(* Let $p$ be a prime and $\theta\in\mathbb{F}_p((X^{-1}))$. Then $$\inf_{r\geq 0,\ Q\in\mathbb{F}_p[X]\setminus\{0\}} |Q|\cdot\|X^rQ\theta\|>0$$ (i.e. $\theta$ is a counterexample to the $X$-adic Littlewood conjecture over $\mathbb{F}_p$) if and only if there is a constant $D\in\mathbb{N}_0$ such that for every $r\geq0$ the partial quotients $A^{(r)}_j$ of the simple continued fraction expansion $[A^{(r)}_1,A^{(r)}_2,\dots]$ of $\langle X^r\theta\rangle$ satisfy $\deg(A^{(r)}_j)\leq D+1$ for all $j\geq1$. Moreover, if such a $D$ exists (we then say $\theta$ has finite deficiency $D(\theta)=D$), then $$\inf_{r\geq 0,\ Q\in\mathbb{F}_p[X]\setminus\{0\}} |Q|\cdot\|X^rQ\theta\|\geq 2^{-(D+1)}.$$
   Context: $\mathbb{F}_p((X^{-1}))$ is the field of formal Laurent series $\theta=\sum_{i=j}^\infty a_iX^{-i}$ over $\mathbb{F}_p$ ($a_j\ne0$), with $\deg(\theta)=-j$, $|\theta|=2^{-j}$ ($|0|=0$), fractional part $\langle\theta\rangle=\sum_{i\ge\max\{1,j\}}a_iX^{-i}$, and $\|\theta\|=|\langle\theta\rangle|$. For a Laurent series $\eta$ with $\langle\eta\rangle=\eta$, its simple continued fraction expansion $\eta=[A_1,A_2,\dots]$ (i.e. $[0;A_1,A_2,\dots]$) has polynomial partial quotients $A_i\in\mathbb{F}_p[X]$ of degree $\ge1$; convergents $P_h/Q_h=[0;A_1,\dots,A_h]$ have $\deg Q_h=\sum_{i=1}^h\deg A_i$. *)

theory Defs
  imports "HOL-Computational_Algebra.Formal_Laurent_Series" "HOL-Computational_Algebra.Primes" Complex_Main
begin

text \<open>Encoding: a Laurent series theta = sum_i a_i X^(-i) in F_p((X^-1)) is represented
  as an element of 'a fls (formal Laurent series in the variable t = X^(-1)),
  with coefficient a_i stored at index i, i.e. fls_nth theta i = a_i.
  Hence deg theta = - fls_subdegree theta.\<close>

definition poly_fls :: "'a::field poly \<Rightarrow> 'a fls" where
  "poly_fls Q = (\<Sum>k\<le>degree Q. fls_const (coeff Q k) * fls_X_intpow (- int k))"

==

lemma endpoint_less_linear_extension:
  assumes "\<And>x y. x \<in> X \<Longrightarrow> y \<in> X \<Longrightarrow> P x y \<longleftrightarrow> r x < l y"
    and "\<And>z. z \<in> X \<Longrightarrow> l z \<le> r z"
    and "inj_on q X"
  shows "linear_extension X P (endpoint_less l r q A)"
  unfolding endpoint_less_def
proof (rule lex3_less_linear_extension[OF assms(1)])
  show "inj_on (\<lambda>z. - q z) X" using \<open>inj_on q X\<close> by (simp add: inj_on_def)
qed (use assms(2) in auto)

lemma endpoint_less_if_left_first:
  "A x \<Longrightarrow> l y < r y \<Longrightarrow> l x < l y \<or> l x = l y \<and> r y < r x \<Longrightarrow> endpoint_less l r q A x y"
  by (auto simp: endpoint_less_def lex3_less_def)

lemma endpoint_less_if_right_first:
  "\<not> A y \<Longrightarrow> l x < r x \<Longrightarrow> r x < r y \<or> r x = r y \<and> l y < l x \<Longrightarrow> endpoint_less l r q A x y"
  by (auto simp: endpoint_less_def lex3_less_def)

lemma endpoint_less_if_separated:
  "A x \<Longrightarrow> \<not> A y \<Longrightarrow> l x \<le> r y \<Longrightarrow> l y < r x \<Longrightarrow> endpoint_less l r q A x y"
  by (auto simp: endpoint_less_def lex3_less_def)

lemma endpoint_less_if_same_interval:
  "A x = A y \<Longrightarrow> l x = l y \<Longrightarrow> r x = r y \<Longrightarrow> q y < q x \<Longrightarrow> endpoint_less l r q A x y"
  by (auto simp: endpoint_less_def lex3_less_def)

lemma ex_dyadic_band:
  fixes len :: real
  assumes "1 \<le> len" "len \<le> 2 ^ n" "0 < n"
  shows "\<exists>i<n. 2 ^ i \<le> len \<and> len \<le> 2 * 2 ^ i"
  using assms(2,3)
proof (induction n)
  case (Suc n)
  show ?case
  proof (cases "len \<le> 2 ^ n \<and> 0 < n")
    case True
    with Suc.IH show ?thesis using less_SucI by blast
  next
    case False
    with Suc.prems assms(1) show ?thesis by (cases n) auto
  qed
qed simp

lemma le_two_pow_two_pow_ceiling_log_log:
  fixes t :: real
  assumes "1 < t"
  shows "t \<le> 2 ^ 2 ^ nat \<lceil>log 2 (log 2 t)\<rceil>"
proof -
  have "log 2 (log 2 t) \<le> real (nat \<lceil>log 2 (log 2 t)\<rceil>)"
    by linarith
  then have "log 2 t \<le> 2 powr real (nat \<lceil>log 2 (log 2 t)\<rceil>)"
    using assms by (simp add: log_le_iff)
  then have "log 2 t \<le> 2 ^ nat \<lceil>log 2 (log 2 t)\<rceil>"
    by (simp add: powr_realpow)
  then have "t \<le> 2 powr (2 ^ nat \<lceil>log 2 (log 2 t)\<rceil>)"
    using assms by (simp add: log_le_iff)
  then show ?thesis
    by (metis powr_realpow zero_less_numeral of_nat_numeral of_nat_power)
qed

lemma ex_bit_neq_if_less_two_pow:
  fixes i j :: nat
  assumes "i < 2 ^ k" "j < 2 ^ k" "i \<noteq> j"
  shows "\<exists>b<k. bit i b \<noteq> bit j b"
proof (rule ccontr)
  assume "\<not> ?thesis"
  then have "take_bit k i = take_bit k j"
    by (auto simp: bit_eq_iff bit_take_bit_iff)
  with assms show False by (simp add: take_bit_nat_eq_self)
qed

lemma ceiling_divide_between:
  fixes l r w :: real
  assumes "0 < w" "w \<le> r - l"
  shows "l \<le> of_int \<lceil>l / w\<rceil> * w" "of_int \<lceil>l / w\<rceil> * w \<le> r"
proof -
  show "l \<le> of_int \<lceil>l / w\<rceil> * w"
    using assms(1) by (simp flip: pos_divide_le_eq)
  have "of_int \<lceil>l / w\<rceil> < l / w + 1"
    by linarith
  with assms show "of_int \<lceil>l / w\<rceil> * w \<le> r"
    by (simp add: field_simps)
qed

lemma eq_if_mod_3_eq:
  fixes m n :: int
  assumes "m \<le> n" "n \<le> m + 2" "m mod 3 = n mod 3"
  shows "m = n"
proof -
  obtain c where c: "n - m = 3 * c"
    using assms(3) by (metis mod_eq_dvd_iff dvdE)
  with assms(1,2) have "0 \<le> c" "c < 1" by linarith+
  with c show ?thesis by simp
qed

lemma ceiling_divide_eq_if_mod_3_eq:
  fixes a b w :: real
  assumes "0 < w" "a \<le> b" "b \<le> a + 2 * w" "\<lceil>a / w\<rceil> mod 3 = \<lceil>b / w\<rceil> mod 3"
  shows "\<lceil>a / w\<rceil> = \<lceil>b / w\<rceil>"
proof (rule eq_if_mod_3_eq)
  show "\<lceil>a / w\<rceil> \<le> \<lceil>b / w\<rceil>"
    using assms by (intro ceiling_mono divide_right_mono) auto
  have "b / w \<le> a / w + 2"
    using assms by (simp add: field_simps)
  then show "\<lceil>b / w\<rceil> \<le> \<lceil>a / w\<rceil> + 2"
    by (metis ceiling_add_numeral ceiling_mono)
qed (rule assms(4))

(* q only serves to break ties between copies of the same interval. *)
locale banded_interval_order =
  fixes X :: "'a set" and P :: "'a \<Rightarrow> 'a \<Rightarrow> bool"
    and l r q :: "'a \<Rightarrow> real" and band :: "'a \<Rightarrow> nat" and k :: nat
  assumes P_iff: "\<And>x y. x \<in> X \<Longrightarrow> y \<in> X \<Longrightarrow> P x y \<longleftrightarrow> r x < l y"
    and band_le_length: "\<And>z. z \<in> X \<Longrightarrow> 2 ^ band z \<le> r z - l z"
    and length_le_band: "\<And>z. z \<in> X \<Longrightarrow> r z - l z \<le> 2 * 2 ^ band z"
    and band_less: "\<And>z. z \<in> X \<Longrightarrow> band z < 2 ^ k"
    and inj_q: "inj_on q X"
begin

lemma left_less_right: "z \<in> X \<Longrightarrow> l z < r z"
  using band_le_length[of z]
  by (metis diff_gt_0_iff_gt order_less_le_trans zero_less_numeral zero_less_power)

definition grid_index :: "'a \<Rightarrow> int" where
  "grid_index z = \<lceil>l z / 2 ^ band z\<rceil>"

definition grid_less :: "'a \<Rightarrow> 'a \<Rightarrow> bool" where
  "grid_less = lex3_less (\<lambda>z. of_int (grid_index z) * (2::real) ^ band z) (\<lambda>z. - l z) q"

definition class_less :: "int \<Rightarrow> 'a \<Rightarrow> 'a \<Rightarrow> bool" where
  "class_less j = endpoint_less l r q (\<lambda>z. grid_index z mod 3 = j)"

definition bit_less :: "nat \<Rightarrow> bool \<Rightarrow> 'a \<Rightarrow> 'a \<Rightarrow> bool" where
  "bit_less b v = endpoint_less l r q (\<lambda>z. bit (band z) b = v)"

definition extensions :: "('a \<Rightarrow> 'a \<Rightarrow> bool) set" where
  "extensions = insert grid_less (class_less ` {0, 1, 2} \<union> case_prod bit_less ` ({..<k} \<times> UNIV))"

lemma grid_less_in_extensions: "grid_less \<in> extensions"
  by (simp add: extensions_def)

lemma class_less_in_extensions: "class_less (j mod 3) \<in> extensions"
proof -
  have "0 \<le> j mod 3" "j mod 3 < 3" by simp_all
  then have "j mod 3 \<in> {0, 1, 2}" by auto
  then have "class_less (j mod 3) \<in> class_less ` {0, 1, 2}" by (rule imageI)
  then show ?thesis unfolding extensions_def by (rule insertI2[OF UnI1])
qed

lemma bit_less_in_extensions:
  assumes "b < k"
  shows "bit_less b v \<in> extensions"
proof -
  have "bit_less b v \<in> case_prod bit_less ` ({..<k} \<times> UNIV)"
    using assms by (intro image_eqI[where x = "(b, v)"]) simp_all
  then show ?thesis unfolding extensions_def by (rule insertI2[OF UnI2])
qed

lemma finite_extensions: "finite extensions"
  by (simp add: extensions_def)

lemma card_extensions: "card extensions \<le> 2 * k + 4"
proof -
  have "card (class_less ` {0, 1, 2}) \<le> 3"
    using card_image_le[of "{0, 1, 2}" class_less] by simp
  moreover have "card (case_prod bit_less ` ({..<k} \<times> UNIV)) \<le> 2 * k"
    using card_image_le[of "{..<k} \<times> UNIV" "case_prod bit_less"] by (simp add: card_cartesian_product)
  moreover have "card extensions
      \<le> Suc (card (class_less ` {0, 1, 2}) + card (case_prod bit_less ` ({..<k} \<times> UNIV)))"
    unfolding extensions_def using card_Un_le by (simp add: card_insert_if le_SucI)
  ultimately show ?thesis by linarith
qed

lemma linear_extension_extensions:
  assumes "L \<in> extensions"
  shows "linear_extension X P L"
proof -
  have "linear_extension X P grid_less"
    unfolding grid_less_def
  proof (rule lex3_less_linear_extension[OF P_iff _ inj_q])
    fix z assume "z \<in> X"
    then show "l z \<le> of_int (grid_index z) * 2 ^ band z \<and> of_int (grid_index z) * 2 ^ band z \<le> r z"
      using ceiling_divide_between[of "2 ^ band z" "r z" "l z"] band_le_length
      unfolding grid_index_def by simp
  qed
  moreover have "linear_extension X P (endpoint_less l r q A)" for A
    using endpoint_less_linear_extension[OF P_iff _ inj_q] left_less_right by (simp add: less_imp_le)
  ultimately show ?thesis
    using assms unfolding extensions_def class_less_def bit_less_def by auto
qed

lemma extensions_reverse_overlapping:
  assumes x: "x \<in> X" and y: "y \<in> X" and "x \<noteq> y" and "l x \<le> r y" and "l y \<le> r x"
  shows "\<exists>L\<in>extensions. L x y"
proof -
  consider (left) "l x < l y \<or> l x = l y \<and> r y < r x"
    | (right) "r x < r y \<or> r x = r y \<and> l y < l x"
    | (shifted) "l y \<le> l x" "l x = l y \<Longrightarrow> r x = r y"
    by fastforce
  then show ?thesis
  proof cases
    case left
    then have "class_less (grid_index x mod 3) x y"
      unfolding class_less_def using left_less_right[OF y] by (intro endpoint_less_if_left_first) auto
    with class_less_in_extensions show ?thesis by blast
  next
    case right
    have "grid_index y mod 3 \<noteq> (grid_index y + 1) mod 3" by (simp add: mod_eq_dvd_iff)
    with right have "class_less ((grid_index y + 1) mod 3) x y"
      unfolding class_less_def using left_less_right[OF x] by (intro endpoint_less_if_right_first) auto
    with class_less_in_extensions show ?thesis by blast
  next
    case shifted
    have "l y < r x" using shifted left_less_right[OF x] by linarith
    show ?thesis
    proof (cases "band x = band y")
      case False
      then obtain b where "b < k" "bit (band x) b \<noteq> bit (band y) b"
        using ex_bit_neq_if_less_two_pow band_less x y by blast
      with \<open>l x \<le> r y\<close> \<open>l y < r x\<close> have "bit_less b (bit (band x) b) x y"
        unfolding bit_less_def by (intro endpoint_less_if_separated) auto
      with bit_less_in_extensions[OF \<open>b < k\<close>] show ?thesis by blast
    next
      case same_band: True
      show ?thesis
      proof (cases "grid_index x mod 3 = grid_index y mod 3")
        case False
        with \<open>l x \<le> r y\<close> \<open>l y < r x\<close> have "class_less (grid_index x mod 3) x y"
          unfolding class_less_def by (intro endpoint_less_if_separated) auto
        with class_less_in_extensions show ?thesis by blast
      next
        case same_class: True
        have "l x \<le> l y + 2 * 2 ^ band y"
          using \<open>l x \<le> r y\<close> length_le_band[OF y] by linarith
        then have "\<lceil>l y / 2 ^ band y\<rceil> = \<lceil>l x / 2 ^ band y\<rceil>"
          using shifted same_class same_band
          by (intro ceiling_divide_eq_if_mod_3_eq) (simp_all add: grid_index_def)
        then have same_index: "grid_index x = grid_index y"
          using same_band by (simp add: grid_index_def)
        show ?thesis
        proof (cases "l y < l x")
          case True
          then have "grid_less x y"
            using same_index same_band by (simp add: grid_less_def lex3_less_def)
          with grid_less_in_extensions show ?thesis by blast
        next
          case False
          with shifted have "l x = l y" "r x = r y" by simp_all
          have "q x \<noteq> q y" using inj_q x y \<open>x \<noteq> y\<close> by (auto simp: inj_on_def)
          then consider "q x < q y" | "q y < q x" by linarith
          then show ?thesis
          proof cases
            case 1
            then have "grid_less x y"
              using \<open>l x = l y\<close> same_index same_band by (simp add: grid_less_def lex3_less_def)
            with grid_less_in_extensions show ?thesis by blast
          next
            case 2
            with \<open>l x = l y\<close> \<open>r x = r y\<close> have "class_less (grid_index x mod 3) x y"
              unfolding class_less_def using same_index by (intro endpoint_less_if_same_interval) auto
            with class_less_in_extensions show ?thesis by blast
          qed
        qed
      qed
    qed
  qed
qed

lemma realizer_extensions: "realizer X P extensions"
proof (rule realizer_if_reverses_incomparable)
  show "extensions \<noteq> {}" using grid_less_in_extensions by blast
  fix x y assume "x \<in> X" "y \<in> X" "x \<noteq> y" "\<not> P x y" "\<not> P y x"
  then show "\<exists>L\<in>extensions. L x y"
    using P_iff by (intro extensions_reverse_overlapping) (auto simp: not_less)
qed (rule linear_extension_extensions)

**Exercise**
A single number is the answer: the count of lines in the material above that contain "True".

**Problem solution**
4